◆ Problem
Please show all lines of the records that include "unfolding".

Extracted data below:

lemma smat_mult_right: "A ** smat c B = smat c (A ** B)"
  by (simp add: smat_def matrix_matrix_mult_def vec_eq_iff sum_distrib_left mult.left_commute)

lemma smat_smat: "smat c (smat d A) = smat (c * d) A"
  by (simp add: smat_def vec_eq_iff mult.assoc)

lemma smat_add_scalar: "smat (c + d) A = smat c A + smat d A"
  by (simp add: smat_def vec_eq_iff distrib_right)

lemma smat_one [simp]: "smat 1 A = A"
  by (simp add: smat_def vec_eq_iff)

lemma smat_zero [simp]: "smat 0 A = 0"
  by (simp add: smat_def vec_eq_iff)

lemma smat_mv: "smat c A *v x = c *s (A *v x)"
  by (simp add: smat_def matrix_vector_mult_def vec_eq_iff sum_distrib_left mult.assoc)

lemma sum_mv: "sum f S *v u = (\<Sum>a\<in>S. f a *v u)"
  by (induction S rule: infinite_finite_induct) (simp_all add: matrix_vector_mult_add_rdistrib)

lemma trace_zero [simp]: "trace 0 = 0"
  by (simp add: trace_def)

lemma trace_smat: "trace (smat c A) = c * trace A"
  by (simp add: smat_def trace_def sum_distrib_left)

lemma trace_lie: "trace (lie A B) = 0"
  unfolding lie_def trace_sub using trace_mul_sym[of A B] by simp

lemma matrix_add_rdistrib: "((A::'a::semiring_1^'n^'m) + B) ** C = A ** C + B ** C"
  by (simp add: matrix_matrix_mult_def vec_eq_iff distrib_right sum.distrib)

lemma matrix_diff_ldistrib: "(A::'a::ring_1^'n^'m) ** (B - C) = A ** B - A ** C"
  by (simp add: matrix_matrix_mult_def vec_eq_iff right_diff_distrib sum_subtractf)

lemma matrix_diff_rdistrib: "((A::'a::ring_1^'n^'m) - B) ** C = A ** C - B ** C"
  by (simp add: matrix_matrix_mult_def vec_eq_iff left_diff_distrib sum_subtractf)

lemma lie_mult_left: "lie (A ** B) h = A ** lie B h + lie A h ** B"
  by (simp add: lie_def matrix_diff_ldistrib matrix_diff_rdistrib matrix_mul_assoc)

lemma lie_zero_left [simp]: "lie 0 h = 0"
  by (simp add: lie_def)

lemma lie_add_left: "lie (A + B) h = lie A h + lie B h"
  by (simp add: lie_def matrix_add_rdistrib matrix_add_ldistrib)

lemma lie_sum_left: "lie (sum f S) h = (\<Sum>a\<in>S. lie (f a) h)"
  by (induction S rule: infinite_finite_induct) (simp_all add: lie_add_left)

lemma trace_weight_vector:
  assumes "lie y h = smat c y" "c \<noteq> 0"
  shows "trace y = 0"
  using trace_lie[of y h] assms by (simp add: trace_smat)

lemma weight_vector_square:
  assumes "lie m h = smat c m"
  shows "lie (m ** m) h = smat (2 * c) (m ** m)"
  using lie_mult_left[of m m h] assms
  by (simp add: smat_mult_left smat_mult_right smat_add_scalar[symmetric])

lemma weight_vector_cube:
  assumes "lie m h = smat c m"
  shows "lie (m ** m ** m) h = smat (3 * c) (m ** m ** m)"
  using lie_mult_left[of "m ** m" m h] assms weight_vector_square[OF assms]
  by (simp add: smat_mult_left smat_mult_right smat_add_scalar[symmetric] algebra_simps)

lemma inverse_mult:
  assumes "A ** A' = mat 1" "B ** B' = mat (1::'a::field)"
  shows "(A ** B) ** (B' ** A') = (mat 1 :: 'a^'n^'n)"
  using assms by (metis matrix_mul_assoc matrix_mul_lid)

lemma conj_smat_add:
  fixes g g' A B :: "'a::field^'n^'n"
  shows "g ** (smat x A + smat y B) ** g' = smat x (g ** A ** g') + smat y (g ** B ** g')"
  by (simp add: matrix_add_ldistrib matrix_add_rdistrib smat_mult_left smat_mult_right)

lemma conj_mult:
  fixes g g' A B :: "'a::field^'n^'n"
  shows "g' ** g = mat 1 \<Longrightarrow> (g ** A ** g') ** (g ** B ** g') = g ** (A ** B) ** g'"
  by (metis matrix_mul_assoc matrix_mul_rid)

lemma conj_eq_of_mult_eq:
  fixes g g' X M :: "'a::field^'n^'n"
  shows "X ** g = g ** M \<Longrightarrow> g ** g' = mat 1 \<Longrightarrow> X = g ** M ** g'"
  by (metis matrix_mul_assoc matrix_mul_rid)

lemma trace_conj:
  fixes g g' A :: "'a::field^'n^'n"
  shows "g' ** g = mat 1 \<Longrightarrow> trace (g ** A ** g') = trace A"
  by (metis matrix_mul_assoc matrix_mul_rid trace_mul_sym)

lemma image_conj_conj:
  fixes a a' b b' :: "'a::field^'n^'n"
  shows "(\<lambda>x. a ** x ** a') ` (\<lambda>x. b ** x ** b') ` S = (\<lambda>x. (a ** b) ** x ** (b' ** a')) ` S"
  by (simp add: image_image matrix_mul_assoc)

lemma image_conj_cancel:
  fixes g g' :: "'a::field^'n^'n"
  shows "g' ** g = mat 1 \<Longrightarrow> (\<lambda>x. g' ** x ** g) ` (\<lambda>x. g ** x ** g') ` S = S"
  by (simp add: image_conj_conj)

lemma image_conj_trace_orthogonal:
  fixes g g' :: "'a::field^'n^'n"
  assumes "g' ** g = mat 1" "\<forall>x\<in>A. \<forall>y\<in>B. trace (x ** y) = 0"
  shows "\<forall>x\<in>(\<lambda>x. g ** x ** g') ` A. \<forall>y\<in>(\<lambda>x. g ** x ** g') ` B. trace (x ** y) = 0"
  using assms by (auto simp: conj_mult trace_conj)

lemma conj_lie_automorphism:
  fixes a a' :: "'a::field^'n^'n"
  assumes aa: "a ** a' = mat 1" "a' ** a = mat 1"
  shows "lie_automorphism (\<lambda>x. a ** x ** a')"
proof -
  have inv: "a' ** (a ** x ** a') ** a = x" for x
    by (metis aa(2) matrix_mul_assoc matrix_mul_lid matrix_mul_rid)
  have "(\<lambda>x. a ** x ** a') ` sl = sl"
  proof
    show "(\<lambda>x. a ** x ** a') ` sl \<subseteq> sl" using trace_conj[OF aa(2)] by (auto simp: sl_def)
    show "sl \<subseteq> (\<lambda>x. a ** x ** a') ` sl"
    proof
      fix y :: "'a^'n^'n" assume "y \<in> sl"
      hence "a' ** y ** a \<in> sl" using trace_conj[OF aa(1)] by (simp add: sl_def)
      moreover have "y = a ** (a' ** y ** a) ** a'"
        by (metis aa(1) matrix_mul_assoc matrix_mul_lid matrix_mul_rid)
      ultimately show "y \<in> (\<lambda>x. a ** x ** a') ` sl" by blast
    qed
  qed
  moreover have "inj_on (\<lambda>x. a ** x ** a') sl"
    by (metis (no_types, lifting) inj_onI inv)
  moreover have "a ** (x + y) ** a' = a ** x ** a' + a ** y ** a'" for x y
    by (simp add: matrix_add_ldistrib matrix_add_rdistrib)
  moreover have "a ** smat c x ** a' = smat c (a ** x ** a')" for c x
    by (simp add: smat_mult_left smat_mult_right)
  moreover have "a ** lie x y ** a' = lie (a ** x ** a') (a ** y ** a')" for x y
    by (simp add: lie_def matrix_diff_ldistrib matrix_diff_rdistrib conj_mult[OF aa(2)])
  ultimately show ?thesis
    unfolding lie_automorphism_def bij_betw_def by blast
qed

definition span2 :: "'a::field^'n^'n \<Rightarrow> 'a^'n^'n \<Rightarrow> ('a^'n^'n) set" where
  "span2 A B = {smat x A + smat y B | x y. True}"

lemma image_conj_span2:
  fixes g g' A B :: "'a::field^'n^'n"
  shows "(\<lambda>x. g ** x ** g') ` span2 A B = span2 (g ** A ** g') (g ** B ** g')"
proof
  show "(\<lambda>x. g ** x ** g') ` span2 A B \<subseteq> span2 (g ** A ** g') (g ** B ** g')"
    by (auto simp: span2_def conj_smat_add) blast
  show "span2 (g ** A ** g') (g ** B ** g') \<subseteq> (\<lambda>x. g ** x ** g') ` span2 A B"
  proof
    fix y assume "y \<in> span2 (g ** A ** g') (g ** B ** g')"
    then obtain x z where "y = g ** (smat x A + smat z B) ** g'"
      by (auto simp: span2_def conj_smat_add)
    thus "y \<in> (\<lambda>x. g ** x ** g') ` span2 A B" by (auto simp: span2_def)
  qed
qed

lemma span2_scale:
  assumes "c \<noteq> 0" "d \<noteq> 0"
  shows "span2 (smat c A) (smat d B) = span2 A B"
proof
  show "span2 (smat c A) (smat d B) \<subseteq> span2 A B"
    by (auto simp: span2_def smat_smat)
  show "span2 A B \<subseteq> span2 (smat c A) (smat d B)"
  proof
    fix y assume "y \<in> span2 A B"
    then obtain x z where "y = smat x A + smat z B" by (auto simp: span2_def)
    hence "y = smat (x / c) (smat c A) + smat (z / d) (smat d B)" using assms by (simp add: smat_smat)
    thus "y \<in> span2 (smat c A) (smat d B)" by (auto simp: span2_def)
  qed
qed

definition isdiag :: "'a::field^'n^'n \<Rightarrow> bool" where
  "isdiag A \<longleftrightarrow> (\<forall>i j. i \<noteq> j \<longrightarrow> A$i$j = 0)"

definition diag_mat :: "('n \<Rightarrow> 'a::field) \<Rightarrow> 'a^'n^'n" where
  "diag_mat c = (\<chi> i j. if i = j then c i else 0)"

End of Extracted data.

◆ Response
  unfolding lie_def trace_sub using trace_mul_sym[of A B] by simp
    unfolding lie_automorphism_def bij_betw_def by blast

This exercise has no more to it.